theorem mainTheorem14:
  fixes cj :: "nat \<Rightarrow> 'l1::complete_lattice \<Rightarrow> 'l2::complete_lattice \<Rightarrow> 'p::{order_bot,order_top}"
    and sw :: "nat \<Rightarrow> 'p \<Rightarrow> 'l2 \<Rightarrow> 'l1" and nw :: "nat \<Rightarrow> 'p \<Rightarrow> 'l1 \<Rightarrow> 'l2"
    and cjp :: "nat \<Rightarrow> 'p \<Rightarrow> 'l2 \<Rightarrow> 'l1" and swp :: "nat \<Rightarrow> 'l1 \<Rightarrow> 'l2 \<Rightarrow> 'p"
    and nwp :: "nat \<Rightarrow> 'l1 \<Rightarrow> 'p \<Rightarrow> 'l2"
    and cjo :: "nat \<Rightarrow> 'l1 \<Rightarrow> 'p \<Rightarrow> 'l2" and swo :: "nat \<Rightarrow> 'l2 \<Rightarrow> 'p \<Rightarrow> 'l1"
    and nwo :: "nat \<Rightarrow> 'l2 \<Rightarrow> 'l1 \<Rightarrow> 'p"
    and n m s :: nat
    and R :: "'o \<Rightarrow> 'at \<Rightarrow> 'p"
    and \<sigma> \<sigma>p \<sigma>o :: "'o \<Rightarrow> 'at \<Rightarrow> nat"
    and g :: "'at \<Rightarrow> 'l2" and f :: "'o \<Rightarrow> 'l1"
  assumes frame: "adj_frame n cj sw nw"
    and pframe: "adj_frame m cjp swp nwp"
    and oframe: "adj_frame s cjo swo nwo"
    and sigma: "\<forall>a b. \<sigma> a b \<in> {1..n}"
    and sigmap: "\<forall>a b. \<sigma>p a b \<in> {1..m}"
    and sigmao: "\<forall>a b. \<sigma>o a b \<in> {1..s}"
    and norm: "normalized R"
    and FC: "(g, f) \<in> FC_set swo nwp \<sigma>o \<sigma>p R"
  shows "(up_op sw \<sigma> R g \<noteq> (\<lambda>_. bot) \<longrightarrow>
           \<not> (\<exists>g0 f0. (g0, f0) \<in> concept_lattice sw nw \<sigma> R \<and>
                concept_less (g, up_op sw \<sigma> R g) (g0, f0) \<and>
                concept_less (g0, f0) ((\<lambda>_. top), (\<lambda>_. bot))))
       \<and> (down_op nw \<sigma> R f \<noteq> (\<lambda>_. bot) \<longrightarrow>
           \<not> (\<exists>g0 f0. (g0, f0) \<in> concept_lattice sw nw \<sigma> R \<and>
                concept_less ((\<lambda>_. bot), (\<lambda>_. top)) (g0, f0) \<and>
                concept_less (g0, f0) (down_op nw \<sigma> R f, f)))"
proof -
  have triples:
    "\<And>a b. adjoint_triple (cj (\<sigma> a b)) (sw (\<sigma> a b)) (nw (\<sigma> a b))"
    "\<And>a b. no_zero_divisors (cj (\<sigma> a b))"
    "\<And>a b. adjoint_triple (cjo (\<sigma>o a b)) (swo (\<sigma>o a b)) (nwo (\<sigma>o a b))"
    "\<And>a b. no_zero_divisors (cjo (\<sigma>o a b))"
    "\<And>a b. adjoint_triple (cjp (\<sigma>p a b)) (swp (\<sigma>p a b)) (nwp (\<sigma>p a b))"
    "\<And>a b. no_zero_divisors (cjp (\<sigma>p a b))"
    using frame sigma oframe sigmao pframe sigmap unfolding adj_frame_def by blast+
  obtain X Y where g: "g = chi X" and f: "f = chi Y" and X: "X \<noteq> {}" and Y: "Y \<noteq> {}"
    and FN: "(g, f) \<in> FN_set swo nwp \<sigma>o \<sigma>p R"
    using FC unfolding FC_set_def by blast
  have "(g0, f0) = (\<lambda>_. top, \<lambda>_. bot)"
    if concept: "(g0, f0) \<in> concept_lattice sw nw \<sigma> R"
      and "concept_less (g, up_op sw \<sigma> R g) (g0, f0)" for g0 f0
  proof -
    have "g \<le> g0" "g \<noteq> g0"
      using that unfolding concept_lattice_def concept_less_def concept_le_def by auto
    then show ?thesis
      using concept_above_crisp_FN_eq_top[OF triples FN[unfolded g] X concept] g by simp
  qed
  moreover have "(g0, f0) = (\<lambda>_. bot, \<lambda>_. top)"
    if concept: "(g0, f0) \<in> concept_lattice sw nw \<sigma> R"
      and "concept_less (g0, f0) (down_op nw \<sigma> R f, f)" for g0 f0
  proof -
    have "g0 \<le> down_op nw \<sigma> R f" "f0 \<noteq> f"
      using that unfolding concept_lattice_def concept_less_def concept_le_def by auto
    moreover have "f0 = up_op sw \<sigma> R g0" using concept unfolding concept_lattice_def by auto
    ultimately have "f \<le> f0" "f \<noteq> f0"
      using le_up_op_iff_le_down_op[where cj = cj and \<sigma> = \<sigma>, OF triples(1)] by auto
    then show ?thesis
      using concept_below_crisp_FN_eq_bot[OF triples FN[unfolded f] Y concept] f by simp
  qed
  ultimately show ?thesis unfolding concept_less_def by blast
qed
****
> _TASK REQUIREMENTS_
Each line of the records above must be copied exactly.

> _EXERCISE ANSWER_
theorem mainTheorem14:
  fixes cj :: "nat \<Rightarrow> 'l1::complete_lattice \<Rightarrow> 'l2::complete_lattice \<Rightarrow> 'p::{order_bot,order_top}"
    and sw :: "nat \<Rightarrow> 'p \<Rightarrow> 'l2 \<Rightarrow> 'l1" and nw :: "nat \<Rightarrow> 'p \<Rightarrow> 'l1 \<Rightarrow> 'l2"
    and cjp :: "nat \<Rightarrow> 'p \<Rightarrow> 'l2 \<Rightarrow> 'l1" and swp :: "nat \<Rightarrow> 'l1 \<Rightarrow> 'l2 \<Rightarrow> 'p"
    and nwp :: "nat \<Rightarrow> 'l1 \<Rightarrow> 'p \<Rightarrow> 'l2"
    and cjo :: "nat \<Rightarrow> 'l1 \<Rightarrow> 'p \<Rightarrow> 'l2" and swo :: "nat \<Rightarrow> 'l2 \<Rightarrow> 'p \<Rightarrow> 'l1"
    and nwo :: "nat \<Rightarrow> 'l2 \<Rightarrow> 'l1 \<Rightarrow> 'p"
    and n m s :: nat
    and R :: "'o \<Rightarrow> 'at \<Rightarrow> 'p"
    and \<sigma> \<sigma>p \<sigma>o :: "'o \<Rightarrow> 'at \<Rightarrow> nat"
    and g :: "'at \<Rightarrow> 'l2" and f :: "'o \<Rightarrow> 'l1"
  assumes frame: "adj_frame n cj sw nw"
    and pframe: "adj_frame m cjp swp nwp"
    and oframe: "adj_frame s cjo swo nwo"
    and sigma: "\<forall>a b. \<sigma> a b \<in> {1..n}"
    and sigmap: "\<forall>a b. \<sigma>p a b \<in> {1..m}"
    and sigmao: "\<forall>a b. \<sigma>o a b \<in> {1..s}"
    and norm: "normalized R"
    and FC: "(g, f) \<in> FC_set swo nwp \<sigma>o \<sigma>p R"
  shows "(up_op sw \<sigma> R g \<noteq> (\<lambda>_. bot) \<longrightarrow>
           \<not> (\<exists>g0 f0. (g0, f0) \<in> concept_lattice sw nw \<sigma> R \<and>
                concept_less (g, up_op sw \<sigma> R g) (g0, f0) \<and>
                concept_less (g0, f0) ((\<lambda>_. top), (\<lambda>_. bot))))
       \<and> (down_op nw \<sigma> R f \<noteq> (\<lambda>_. bot) \<longrightarrow>
           \<not> (\<exists>g0 f0. (g0, f0) \<in> concept_lattice sw nw \<sigma> R \<and>
                concept_less ((\<lambda>_. bot), (\<lambda>_. top)) (g0, f0) \<and>
                concept_less (g0, f0) (down_op nw \<sigma> R f, f)))"
proof -
  have triples:
    "\<And>a b. adjoint_triple (cj (\<sigma> a b)) (sw (\<sigma> a b)) (nw (\<sigma> a b))"
    "\<And>a b. no_zero_divisors (cj (\<sigma> a b))"
    "\<And>a b. adjoint_triple (cjo (\<sigma>o a b)) (swo (\<sigma>o a b)) (nwo (\<sigma>o a b))"
    "\<And>a b. no_zero_divisors (cjo (\<sigma>o a b))"
    "\<And>a b. adjoint_triple (cjp (\<sigma>p a b)) (swp (\<sigma>p a b)) (nwp (\<sigma>p a b))"
    "\<And>a b. no_zero_divisors (cjp (\<sigma>p a b))"
    using frame sigma oframe sigmao pframe sigmap unfolding adj_frame_def by blast+
  obtain X Y where g: "g = chi X" and f: "f = chi Y" and X: "X \<noteq> {}" and Y: "Y \<noteq> {}"
    and FN: "(g, f) \<in> FN_set swo nwp \<sigma>o \<sigma>p R"
    using FC unfolding FC_set_def by blast
  have "(g0, f0) = (\<lambda>_. top, \<lambda>_. bot)"
    if concept: "(g0, f0) \<in> concept_lattice sw nw \<sigma> R"
      and "concept_less (g, up_op sw \<sigma> R g) (g0, f0)" for g0 f0
  proof -
    have "g \<le> g0" "g \<noteq> g0"
      using that unfolding concept_lattice_def concept_less_def concept_le_def by auto
    then show ?thesis
      using concept_above_crisp_FN_eq_top[OF triples FN[unfolded g] X concept] g by simp
  qed
  moreover have "(g0, f0) = (\<lambda>_. bot, \<lambda>_. top)"
    if concept: "(g0, f0) \<in> concept_lattice sw nw \<sigma> R"
      and "concept_less (g0, f0) (down_op nw \<sigma> R f, f)" for g0 f0
  proof -
    have "g0 \<le> down_op nw \<sigma> R f" "f0 \<noteq> f"
      using that unfolding concept_lattice_def concept_less_def concept_le_def by auto
    moreover have "f0 = up_op sw \<sigma> R g0" using concept unfolding concept_lattice_def by auto
    ultimately have "f \<le> f0" "f \<noteq> f0"
      using le_up_op_iff_le_down_op[where cj = cj and \<sigma> = \<sigma>, OF triples(1)] by auto
    then show ?thesis
      using concept_below_crisp_FN_eq_bot[OF triples FN[unfolded f] Y concept] f by simp
  qed
  ultimately show ?thesis unfolding concept_less_def by blast
qed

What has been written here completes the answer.